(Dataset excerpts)
************

(* Let $Y_i=\kappa_i\mu_{0,i}+n^{-1/2}Z_i$, $i\ge1$, with $Z_i$ i.i.d. standard normal, $\mu_0\in\ell_2$, and $(\kappa_i)$ satisfying $C^{-1}i^{-p}\le\kappa_i\le Ci^{-p}$ for some $p\ge0$, $C\ge1$. Define \[ \mathbb{M}_n(\alpha)=\sum_{i=1}^{\infty}\frac{n\log i}{i^{1+2\alpha}\kappa_i^{-2}+n}-\sum_{i=1}^{\infty}\frac{n^2i^{1+2\alpha}\kappa_i^{-2}\log i}{(i^{1+2\alpha}\kappa_i^{-2}+n)^2}Y_i^2 \] and \[ h_n(\alpha)=\frac{1+2\alpha+2p}{n^{1/(1+2\alpha+2p)}\log n}\sum_{i=1}^{\infty}\frac{n^2 i^{1+2\alpha}\mu_{0,i}^2\log i}{(i^{1+2\alpha}\kappa_i^{-2}+n)^2}. \] Then for any $0<\alpha_1<\alpha_2<\infty$, \[ \operatorname{var}_0\Big(\frac{(1+2\alpha_1+2p)\mathbb{M}_n(\alpha_1)}{n^{1/(1+2\alpha_1+2p)}}-\frac{(1+2\alpha_2+2p)\mathbb{M}_n(\alpha_2)}{n^{1/(1+2\alpha_2+2p)}}\Big)\lesssim(\alpha_1-\alpha_2)^2(\log n)^4\sup_{\alpha\in[\alpha_1,\alpha_2]}n^{-1/(1+2\alpha+2p)}\big(1+h_n(\alpha)\big), \] with a constant that does not depend on $\alpha$ and $\mu_0$.
   Context: $\operatorname{var}_0$ is the variance under the law of $Y$ with true parameter $\mu_0$. $a\lesssim b$ means $a\le Kb$ for a constant $K>0$. *)

theory Defs
  imports "HOL-Probability.Probability"
begin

************

| Exercise goal |
Only the lines from the one containing "theory Defs" through the last line of the records above are to be reproduced, exactly and with both ends included.

| Response |
theory Defs
  imports "HOL-Probability.Probability"
begin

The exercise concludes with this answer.